A24, ecco i quesiti dei pm nell’inchiesta sui pilastri

Riguardano lo stato di manutenzione e la staticità di piloni e viadotti In corso soprattutto prove di carotaggio che finiranno tra qualche giorno
TERAMO. È nell’essenza dei quesiti posti ai tecnici il perchè dell’inchiesta giudiziaria sulla sicurezza dell’A24. Riguardano manutenzione e staticità di piloni e viadotti con un nesso ben preciso. La Procura dai suoi due consulenti vuole sapere se ci sia un problema di staticità e, soprattutto, se una presunta carente o scarsa manutenzione possa aver influito sulla stessa staticità. Con un obiettivo: conoscere, dopo aver messo insieme anche svariato materiale cartaceo, qual è il livello di sicurezza attuale delle opere.
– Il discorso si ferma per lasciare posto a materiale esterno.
(* To evaluate expressions in z and its conjugate, write z = X + i Y with X, Y real. *)
lemma split_real_imaginary:
  assumes "\<And>X Y. P (\<lambda>p. complexify X p + \<i> * complexify Y p) (\<lambda>p. complexify X p + (- \<i>) * complexify Y p) Y"
  shows "P z (\<lambda>p. cnj (z p)) (im_vec z)"
proof -
  have "z = (\<lambda>p. complexify (\<lambda>p. Re (z p)) p + \<i> * complexify (im_vec z) p)"
    "(\<lambda>p. cnj (z p)) = (\<lambda>p. complexify (\<lambda>p. Re (z p)) p + (- \<i>) * complexify (im_vec z) p)"
    by (auto simp: complexify_def im_vec_def complex_eq_iff)
  thus ?thesis using assms by metis
qed

lemma i_times_i: "\<i> * (\<i> * x) = - (x::complex)"
  by (simp add: mult.assoc[symmetric])

lemma polarisation_identities:
  fixes X Y E F :: "nat \<Rightarrow> real"
  defines "u \<equiv> \<lambda>p. complexify X p + \<i> * complexify Y p"
    and "ub \<equiv> \<lambda>p. complexify X p + (- \<i>) * complexify Y p"
  shows "- (trilinear h c u u u) / 6 + trilinear h c ub ub ub / 6 + trilinear h c ub u u / 2
      - trilinear h c u ub ub / 2 = \<i> * (4/3) * trilinear h c (complexify Y) (complexify Y) (complexify Y)"
    and "- (trilinear h c (complexify E) u u / 2) + trilinear h c ub (complexify E) u
      - trilinear h c (complexify E) ub ub / 2 = 2 * trilinear h c (complexify E) (complexify Y) (complexify Y)"
    and "trilinear h c (complexify E) ub ub / 2 + trilinear h c (complexify E) u u / 2
      - trilinear h c u (complexify E) ub = - 2 * trilinear h c (complexify E) (complexify Y) (complexify Y)"
    and "trilinear h c (complexify F) (complexify E) u - trilinear h c (complexify E) (complexify F) ub
      = 2 * \<i> * trilinear h c (complexify E) (complexify F) (complexify Y)"
  unfolding u_def ub_def
  by ((simp only: trilinear_linear); (simp add: trilinear_swap12 trilinear_swap23)?;
      (simp add: algebra_simps i_times_i)?; (simp add: field_simps)?)+

lemma pairing_omega_omega:
  "sympl h (omega h c z) (cconj (omega h c z))
     = \<i> * (4/3) * complex_of_real (trilinear h c (im_vec z) (im_vec z) (im_vec z))"
proof -
  let ?w = "omega h c z" and ?zb = "\<lambda>p. cnj (z p)"
  have s: "(\<Sum>k=1..h. ?w $ k * cconj ?w $ (h+1+k) - ?w $ (h+1+k) * cconj ?w $ k)
     = (\<Sum>k=1..h. cnj (z k) * trilinear h c (unit_coord k) z z / 2 - z k * trilinear h c (unit_coord k) ?zb ?zb / 2)"
    by (intro sum.cong refl) (auto simp: cconj_entry omega_entry trilinear_cnj)
  have "sympl h ?w (cconj ?w) = - (trilinear h c z z z / 6) - cnj (- (trilinear h c z z z / 6))
     + (trilinear h c ?zb z z / 2 - trilinear h c z ?zb ?zb / 2)"
    unfolding sympl_split s
    by (simp add: cconj_entry omega_entry sum_subtractf sum_divide_distrib[symmetric] trilinear_expand_first)
  also have "\<dots> = - (trilinear h c z z z) / 6 + trilinear h c ?zb ?zb ?zb / 6
      + trilinear h c ?zb z z / 2 - trilinear h c z ?zb ?zb / 2"
    by (simp add: trilinear_cnj)
  also have "\<dots> = \<i> * (4/3) * trilinear h c (complexify (im_vec z)) (complexify (im_vec z)) (complexify (im_vec z))"
    by (rule split_real_imaginary[where P = "\<lambda>z zb Y. - (trilinear h c z z z) / 6 + trilinear h c zb zb zb / 6
      + trilinear h c zb z z / 2 - trilinear h c z zb zb / 2
      = \<i> * (4/3) * trilinear h c (complexify Y) (complexify Y) (complexify Y)"], rule polarisation_identities(1))
  finally show ?thesis by (simp add: trilinear_complexify)
qed

lemma pairing_domega_omega:
  assumes j: "j \<in> {1..h}"
  shows "sympl h (domega h c j z) (cconj (omega h c z))
    = 2 * complex_of_real (trilinear h c (unit_coord j) (im_vec z) (im_vec z))"
proof -
  let ?w = "omega h c z" and ?d = "domega h c j z" and ?zb = "\<lambda>p. cnj (z p)" and ?e = "unit_coord j"
  have s: "(\<Sum>k=1..h. ?d $ k * cconj ?w $ (h+1+k) - ?d $ (h+1+k) * cconj ?w $ k)
     = (\<Sum>k=1..h. cnj (z k) * trilinear h c (unit_coord k) ?e z - ?e k * (trilinear h c (unit_coord k) ?zb ?zb / 2))"
    by (intro sum.cong refl) (auto simp: cconj_entry omega_entry domega_entry trilinear_cnj)
  have "sympl h ?d (cconj ?w) = - (trilinear h c ?e z z / 2) + trilinear h c ?zb ?e z - trilinear h c ?e ?zb ?zb / 2"
    unfolding sympl_split s using j
    by (simp add: cconj_entry omega_entry domega_entry sum_subtractf trilinear_expand_first sum_unit_coord
        sum_divide_distrib[symmetric])
  also have "\<dots> = 2 * trilinear h c (complexify (unit_coord j)) (complexify (im_vec z)) (complexify (im_vec z))"
    unfolding unit_coord_complexify
    by (rule split_real_imaginary[where P = "\<lambda>z zb Y. - (trilinear h c (complexify (unit_coord j)) z z / 2)
      + trilinear h c zb (complexify (unit_coord j)) z - trilinear h c (complexify (unit_coord j)) zb zb / 2
      = 2 * trilinear h c (complexify (unit_coord j)) (complexify Y) (complexify Y)"], rule polarisation_identities(2))
  finally show ?thesis by (simp add: trilinear_complexify)
qed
È questo, infatti, il quesito principale a cui gli ingegneri Bernardino Chiaia del Politecnico di Torino e Danilo Ranalli dell’università dell’Aquila dovranno rispondere al termine di rilievi, sopralluoghi, valutazione dell’abbondante documentazione raccolta da finanzieri e carabinieri forestali su delega del pool di magistrati guidati dal procuratore Antonio Guerriero.
L’ispezione dei luoghi disposta dall’autorità giudiziaria(che in questo caso negli atti fa riferimento all’articolo 246 del codice di procedura penale), iniziata mercoledì e destinata a concludersi solamente tra qualche giorno, si muove attraverso esami prettamente tecnici che riguardano soprattutto prove di carotaggio. Si tratta di accertamenti a cui, tramite i loro consulenti, prendono parte anche i sei indagati.
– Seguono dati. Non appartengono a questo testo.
(* Let $c\ge1$, let $G\cong F/R$ with $F$ free, and let $B=S/R$ be a normal subgroup of $G$ (with $R\le S\trianglelefteq F$), so that $A=G/B\cong F/S$. For $2\le i\le c+1$ let $\gamma_{c+1}(S,F)_i=[D_1,D_2,\dots,D_{c+1}]$ where $D_1=D_i=S$ and $D_j=F$ for $j\ne1,i$. Then there is an epimorphism $$\otimes^{c+1}(B,A)\longrightarrow\frac{[S,{}_cF]}{[R,{}_cF]\,[S,{}_{c+1}F]\,\prod_{i=2}^{c+1}\gamma_{c+1}(S,F)_i},$$ sending $sRS'\otimes f_1SF'\otimes\cdots\otimes f_cSF'$ to the coset of $[s,f_1,\dots,f_c]$ ($s\in S$, $f_i\in F$).
   Context: Commutators are left-normed: $[x_1,\dots,x_{m+1}]=[[x_1,\dots,x_m],x_{m+1}]$, and similarly $[D_1,\dots,D_{m+1}]=[[D_1,\dots,D_m],D_{m+1}]$ for subgroups. $[U,{}_0V]=U$, $[U,{}_{i+1}V]=[[U,{}_iV],V]$. For groups $B,A$, $\otimes^{c+1}(B,A)$ denotes the tensor product over $\mathbb Z$ $B_{ab}\otimes A_{ab}\otimes\cdots\otimes A_{ab}$ with $c$ copies of $A_{ab}$, where $X_{ab}=X/X'$; here $B_{ab}\cong S/RS'$ and $A_{ab}\cong F/SF'$. *)

theory Defs
  imports "HOL-Algebra.Algebra" "HOL-Algebra.Free_Abelian_Groups"
begin

definition gcomm :: "('a,'b) monoid_scheme \<Rightarrow> 'a \<Rightarrow> 'a \<Rightarrow> 'a" where
  "gcomm G x y = inv\<^bsub>G\<^esub> x \<otimes>\<^bsub>G\<^esub> inv\<^bsub>G\<^esub> y \<otimes>\<^bsub>G\<^esub> x \<otimes>\<^bsub>G\<^esub> y"

fun lcomm :: "('a,'b) monoid_scheme \<Rightarrow> 'a \<Rightarrow> 'a list \<Rightarrow> 'a" where
  "lcomm G x [] = x"
| "lcomm G x (y # ys) = lcomm G (gcomm G x y) ys"

definition commsub :: "('a,'b) monoid_scheme \<Rightarrow> 'a set \<Rightarrow> 'a set \<Rightarrow> 'a set" where
  "commsub G H K = generate G {gcomm G h k | h k. h \<in> H \<and> k \<in> K}"

fun itcomm :: "('a,'b) monoid_scheme \<Rightarrow> 'a set \<Rightarrow> 'a set \<Rightarrow> nat \<Rightarrow> 'a set" where
  "itcomm G U V 0 = U"
| "itcomm G U V (Suc i) = commsub G (itcomm G U V i) V"

fun lcommsub :: "('a,'b) monoid_scheme \<Rightarrow> 'a set \<Rightarrow> 'a set list \<Rightarrow> 'a set" where
  "lcommsub G D [] = D"
| "lcommsub G D (E # Es) = lcommsub G (commsub G D E) Es"

definition gammaSF :: "('a,'b) monoid_scheme \<Rightarrow> 'a set \<Rightarrow> nat \<Rightarrow> nat \<Rightarrow> 'a set" where
  "gammaSF F S c i = lcommsub F S (map (\<lambda>j. if j = i then S else carrier F) [2..<c+2])"

definition word_val :: "('a,'b) monoid_scheme \<Rightarrow> ('a \<times> bool) list \<Rightarrow> 'a" where
  "word_val G w = foldr (\<lambda>(x,b) y. (if b then x else inv\<^bsub>G\<^esub> x) \<otimes>\<^bsub>G\<^esub> y) w \<one>\<^bsub>G\<^esub>"

definition reduced_word :: "('a \<times> bool) list \<Rightarrow> bool" where
  "reduced_word w = (\<forall>i. Suc i < length w \<longrightarrow>
       \<not> (fst (w ! i) = fst (w ! Suc i) \<and> snd (w ! i) \<noteq> snd (w ! Suc i)))"

definition free_basis :: "('a,'b) monoid_scheme \<Rightarrow> 'a set \<Rightarrow> bool" where
  "free_basis G Bs = (Bs \<subseteq> carrier G \<and> generate G Bs = carrier G \<and>
     (\<forall>w. w \<noteq> [] \<and> fst ` set w \<subseteq> Bs \<and> reduced_word w \<longrightarrow> \<not> (word_val G w = \<one>\<^bsub>G\<^esub>)))"

definition free_group :: "('a,'b) monoid_scheme \<Rightarrow> bool" where
  "free_group G = (group G \<and> (\<exists>XX. free_basis G XX))"

(* Tensor product over Z of XX with c copies of YY (XX, YY abelian groups):
   free abelian group on XX \<times> YY^c modulo multilinearity relations *)
definition tens_gens :: "('x,'m) monoid_scheme \<Rightarrow> ('y,'n) monoid_scheme \<Rightarrow> nat \<Rightarrow> ('x \<times> 'y list) set" where
  "tens_gens XX YY c = carrier XX \<times> {as. length as = c \<and> set as \<subseteq> carrier YY}"

definition tens_free :: "('x,'m) monoid_scheme \<Rightarrow> ('y,'n) monoid_scheme \<Rightarrow> nat \<Rightarrow> (('x \<times> 'y list) \<Rightarrow>\<^sub>0 int) monoid" where
  "tens_free XX YY c = free_Abelian_group (tens_gens XX YY c)"

definition tens_rels :: "('x,'m) monoid_scheme \<Rightarrow> ('y,'n) monoid_scheme \<Rightarrow> nat \<Rightarrow> (('x \<times> 'y list) \<Rightarrow>\<^sub>0 int) set" where
  "tens_rels XX YY c =
     {frag_of (b1 \<otimes>\<^bsub>XX\<^esub> b2, as) - frag_of (b1, as) - frag_of (b2, as) | b1 b2 as.
        b1 \<in> carrier XX \<and> b2 \<in> carrier XX \<and> length as = c \<and> set as \<subseteq> carrier YY}
   \<union> {frag_of (b, as[j := a1 \<otimes>\<^bsub>YY\<^esub> a2]) - frag_of (b, as[j := a1]) - frag_of (b, as[j := a2])
        | b as j a1 a2. b \<in> carrier XX \<and> length as = c \<and> set as \<subseteq> carrier YY \<and> j < c
        \<and> a1 \<in> carrier YY \<and> a2 \<in> carrier YY}"

definition tensor :: "('x,'m) monoid_scheme \<Rightarrow> ('y,'n) monoid_scheme \<Rightarrow> nat \<Rightarrow> (('x \<times> 'y list) \<Rightarrow>\<^sub>0 int) set monoid" where
  "tensor XX YY c = tens_free XX YY c Mod generate (tens_free XX YY c) (tens_rels XX YY c)"

definition pure_tensor :: "('x,'m) monoid_scheme \<Rightarrow> ('y,'n) monoid_scheme \<Rightarrow> nat \<Rightarrow> 'x \<Rightarrow> 'y list \<Rightarrow> (('x \<times> 'y list) \<Rightarrow>\<^sub>0 int) set" where
  "pure_tensor XX YY c b as =
     generate (tens_free XX YY c) (tens_rels XX YY c) #>\<^bsub>tens_free XX YY c\<^esub> frag_of (b, as)"

end

theory Submission
  imports Defs
begin

(* Locale commutator_tensor: for a normal N with [R,_c F], [S,_{c+1} F], the
      gamma_{c+1}(S,F)_i inside N and N inside [S,_c F], the coset of [s, f1, ..., fc] is
      multiplicative in s and in each fj, is trivial when s is in R[S,S] or some fj is in
      S[F,F], and these cosets generate the abelian group [S,_c F]/N.  Together with the
      universal property this yields the epimorphism (commutator_tensor_epi).
   5. The theorem: the subgroup N of the statement satisfies the locale assumptions. *)

lemma lcomm_append: "lcomm G x (xs @ ys) = lcomm G (lcomm G x xs) ys"
  by (induction xs arbitrary: x) auto

lemma itcomm_Suc_inner: "itcomm G K C (Suc n) = itcomm G (commsub G K C) C n"
  by (induction n) auto

lemma itcomm_add: "itcomm G (itcomm G K C a) C b = itcomm G K C (a + b)"
  by (induction b) auto

lemma lcommsub_append: "lcommsub G K (xs @ ys) = lcommsub G (lcommsub G K xs) ys"
  by (induction xs arbitrary: K) auto

lemma lcommsub_replicate: "lcommsub G K (replicate n C) = itcomm G K C n"
  by (induction n arbitrary: K) (simp_all add: itcomm_Suc_inner del: itcomm.simps(2))

lemma gammaSF_eq:
  assumes "2 \<le> i" "i \<le> c + 1"
  shows "gammaSF F S c i
           = itcomm F (commsub F (itcomm F S (carrier F) (i - 2)) S) (carrier F) (c + 1 - i)"
proof -
  let ?D = "\<lambda>j. if j = i then S else carrier F"
  have split: "[2..<c+2] = [2..<i] @ i # [Suc i..<c+2]"
    using assms upt_add_eq_append[of 2 i "c + 2 - i"] by (simp add: upt_conv_Cons)
  have before: "map ?D [2..<i] = replicate (i - 2) (carrier F)"
  proof -
    have "map ?D [2..<i] = map (\<lambda>_. carrier F) [2..<i]" by (rule map_cong) auto
    then show ?thesis by (simp add: map_replicate_const)
  qed
  have after: "map ?D [Suc i..<c+2] = replicate (c + 1 - i) (carrier F)"
  proof -
    have "map ?D [Suc i..<c+2] = map (\<lambda>_. carrier F) [Suc i..<c+2]" by (rule map_cong) auto
    then show ?thesis by (simp only: map_replicate_const length_upt) simp
  qed
  show ?thesis
    unfolding gammaSF_def split map_append list.map before after
    by (simp add: lcommsub_append lcommsub_replicate)
qed

section \<open>Commutator calculus in a group\<close>

context group
begin

lemma gcomm_closed [simp]: "x \<in> carrier G \<Longrightarrow> y \<in> carrier G \<Longrightarrow> gcomm G x y \<in> carrier G"
  by (simp add: gcomm_def)

lemma gcomm_one_left [simp]: "g \<in> carrier G \<Longrightarrow> gcomm G \<one> g = \<one>"
  by (simp add: gcomm_def)

lemma lcomm_closed [simp]: "x \<in> carrier G \<Longrightarrow> set gs \<subseteq> carrier G \<Longrightarrow> lcomm G x gs \<in> carrier G"
  by (induction gs arbitrary: x) auto

lemma lcomm_one [simp]: "set gs \<subseteq> carrier G \<Longrightarrow> lcomm G \<one> gs = \<one>"
  by (induction gs) auto

lemma cancel_left_inv [simp]: "x \<in> carrier G \<Longrightarrow> y \<in> carrier G \<Longrightarrow> x \<otimes> (inv x \<otimes> y) = y"
  by (simp add: m_assoc[symmetric])

lemma cancel_inv_left [simp]: "x \<in> carrier G \<Longrightarrow> y \<in> carrier G \<Longrightarrow> inv x \<otimes> (x \<otimes> y) = y"
  by (simp add: m_assoc[symmetric])

lemma gcomm_mult_left:
  "x \<in> carrier G \<Longrightarrow> y \<in> carrier G \<Longrightarrow> g \<in> carrier G \<Longrightarrow>
   gcomm G (x \<otimes> y) g = gcomm G x g \<otimes> gcomm G (gcomm G x g) y \<otimes> gcomm G y g"
  by (simp add: gcomm_def m_assoc inv_mult_group)

lemma gcomm_mult_left_conj:
  "x \<in> carrier G \<Longrightarrow> y \<in> carrier G \<Longrightarrow> g \<in> carrier G \<Longrightarrow>
   gcomm G (x \<otimes> y) g
     = (gcomm G x g \<otimes> gcomm G y g) \<otimes> (inv (gcomm G y g) \<otimes> gcomm G (gcomm G x g) y \<otimes> gcomm G y g)"
  by (simp add: gcomm_def m_assoc inv_mult_group)

lemma gcomm_mult_right:
  "x \<in> carrier G \<Longrightarrow> f \<in> carrier G \<Longrightarrow> g \<in> carrier G \<Longrightarrow>
   gcomm G x (f \<otimes> g)
     = gcomm G x f \<otimes> gcomm G x g \<otimes> (gcomm G (gcomm G x g) (gcomm G x f) \<otimes> gcomm G (gcomm G x f) g)"
  by (simp add: gcomm_def m_assoc inv_mult_group)

lemma gcomm_conj:
  "g \<in> carrier G \<Longrightarrow> h \<in> carrier G \<Longrightarrow> k \<in> carrier G \<Longrightarrow>
   g \<otimes> gcomm G h k \<otimes> inv g = gcomm G (g \<otimes> h \<otimes> inv g) (g \<otimes> k \<otimes> inv g)"
  by (simp add: gcomm_def m_assoc inv_mult_group)

lemma gcomm_swap: "a \<in> carrier G \<Longrightarrow> k \<in> carrier G \<Longrightarrow> gcomm G a k = inv (gcomm G k a)"
  by (simp add: gcomm_def m_assoc inv_mult_group)

lemma mult_swap_gcomm: "x \<in> carrier G \<Longrightarrow> y \<in> carrier G \<Longrightarrow> x \<otimes> y = y \<otimes> x \<otimes> gcomm G x y"
  by (simp add: gcomm_def m_assoc inv_mult_group)

lemma normal_subset: "H \<lhd> G \<Longrightarrow> H \<subseteq> carrier G"
  by (simp add: normal_imp_subgroup subgroup.subset)

lemma commsub_subset: "H \<subseteq> carrier G \<Longrightarrow> K \<subseteq> carrier G \<Longrightarrow> commsub G H K \<subseteq> carrier G"
  unfolding commsub_def by (rule generate_incl) (blast intro: gcomm_closed)

lemma gcomm_in_commsub: "h \<in> H \<Longrightarrow> k \<in> K \<Longrightarrow> gcomm G h k \<in> commsub G H K"
  unfolding commsub_def by (rule generate.incl) auto

lemma commsub_mono: "H \<subseteq> H' \<Longrightarrow> K \<subseteq> K' \<Longrightarrow> commsub G H K \<subseteq> commsub G H' K'"
  unfolding commsub_def by (rule mono_generate) blast

lemma commsub_normal:
  assumes "H \<lhd> G" "K \<lhd> G" shows "commsub G H K \<lhd> G"
  unfolding commsub_def
proof (rule normal_generateI)
  have carr: "H \<subseteq> carrier G" "K \<subseteq> carrier G" using assms by (simp_all add: normal_subset)
  then show "{gcomm G h k |h k. h \<in> H \<and> k \<in> K} \<subseteq> carrier G"
    by (blast intro: gcomm_closed)
  fix x g assume "x \<in> {gcomm G h k |h k. h \<in> H \<and> k \<in> K}" and g: "g \<in> carrier G"
  then obtain h k where hk: "x = gcomm G h k" "h \<in> H" "k \<in> K" by auto
  have "g \<otimes> x \<otimes> inv g = gcomm G (g \<otimes> h \<otimes> inv g) (g \<otimes> k \<otimes> inv g)"
    unfolding hk(1) by (rule gcomm_conj) (use g hk carr in auto)
  moreover have "g \<otimes> h \<otimes> inv g \<in> H" "g \<otimes> k \<otimes> inv g \<in> K"
    using hk g normal.inv_op_closed2[OF assms(1)] normal.inv_op_closed2[OF assms(2)] by auto
  ultimately show "g \<otimes> x \<otimes> inv g \<in> {gcomm G h k |h k. h \<in> H \<and> k \<in> K}" by blast
qed

lemma commsub_normal_subset:
  assumes "H \<lhd> G" "K \<subseteq> carrier G" shows "commsub G H K \<subseteq> H"
  unfolding commsub_def
proof (rule generate_subgroup_incl)
  interpret H: normal H G by fact
  show "subgroup H G" by (rule H.subgroup_axioms)
  show "{gcomm G h k |h k. h \<in> H \<and> k \<in> K} \<subseteq> H"
  proof clarify
    fix h k assume hk: "h \<in> H" "k \<in> K"
    then have "h \<in> carrier G" "k \<in> carrier G" using assms by auto
    then have "gcomm G h k = inv h \<otimes> (inv k \<otimes> h \<otimes> k)" by (simp add: gcomm_def m_assoc)
    moreover have "inv k \<otimes> h \<otimes> k \<in> H" using H.inv_op_closed1 hk \<open>k \<in> carrier G\<close> by blast
    ultimately show "gcomm G h k \<in> H" using hk by (simp add: H.m_closed H.m_inv_closed)
  qed
qed

lemma itcomm_normal: "K \<lhd> G \<Longrightarrow> itcomm G K (carrier G) n \<lhd> G"
  by (induction n) (auto intro: commsub_normal normal_self)

lemma itcomm_mono: "K \<subseteq> K' \<Longrightarrow> itcomm G K C n \<subseteq> itcomm G K' C n"
  by (induction n) (simp_all add: commsub_mono)

lemma itcomm_antimono:
  assumes "K \<lhd> G" "m \<le> n" shows "itcomm G K (carrier G) n \<subseteq> itcomm G K (carrier G) m"
  using assms(2)
proof (induction n)
  case (Suc n)
  have "itcomm G K (carrier G) (Suc n) \<subseteq> itcomm G K (carrier G) n"
    using commsub_normal_subset[OF itcomm_normal[OF assms(1)]] by simp
  then show ?case using Suc by (cases "m = Suc n") auto
qed simp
E tra i tecnici nominati dai sei c’è Mario Pietrangeli, uno dei più noti ingegneri progettisti civili italiani consulente nell’inchiesta sul crollo del ponte Morandi. Gli indagati sono figure apicali della Strada dei Parchi, la società concessionaria dell’A24 e dell’A25. Ai sei vengono contestati due ipotesi di reato: inadempimento di contratti di pubblica fornitura e attentato colposo alla sicurezza dei trasporti.
Si tratta di Lelio Scopa, presidente del consiglio di amministrazione di Strada dei Parchi; Mauro Fabris, vice presidente; Cesare Ramadori, amministratore delegato; Igino Lai; direttore generale esercizio; Mauro Rocchi direttore operativo e Gabriele Nati direttore tecnico. La Strada dei parchi, in una nota diffusa all’indomani dell’avvio delle operazioni tecniche sui piloni, in una nota ha scritto di considerare «l’inchiesta della Procura un atto dovuto a fronte delle denunce, assolutamente speciose, presentate da alcune associazioni ambientaliste, che auspichiamo possa concludersi il celermente possibile con un’archiviazione».
L’ inchiesta della Procura, che irrompe dopo gli scontri politici e i blitz del ministro Danilo Toninelli, è stata aperta qualche mese fa dopo la presentazione di alcuni esposti in cui si chiedeva di valutare le condizioni dei piloni. In particolare si tratta degli esposti presentati dall’amministrazione separata di Casale San Nicola, di Nuovo Servizio Civico onlus e della Stazione ornitologica onlus. La Procura nelle scorse settimane ha già provveduto all’acquisizione di una svariata documentazione, in particolare di quella relativa alla progettazione e alla manutenzione dei sette viadotti dell’ A24 sul versante teramano, a partire da quello di Casale San Nicola.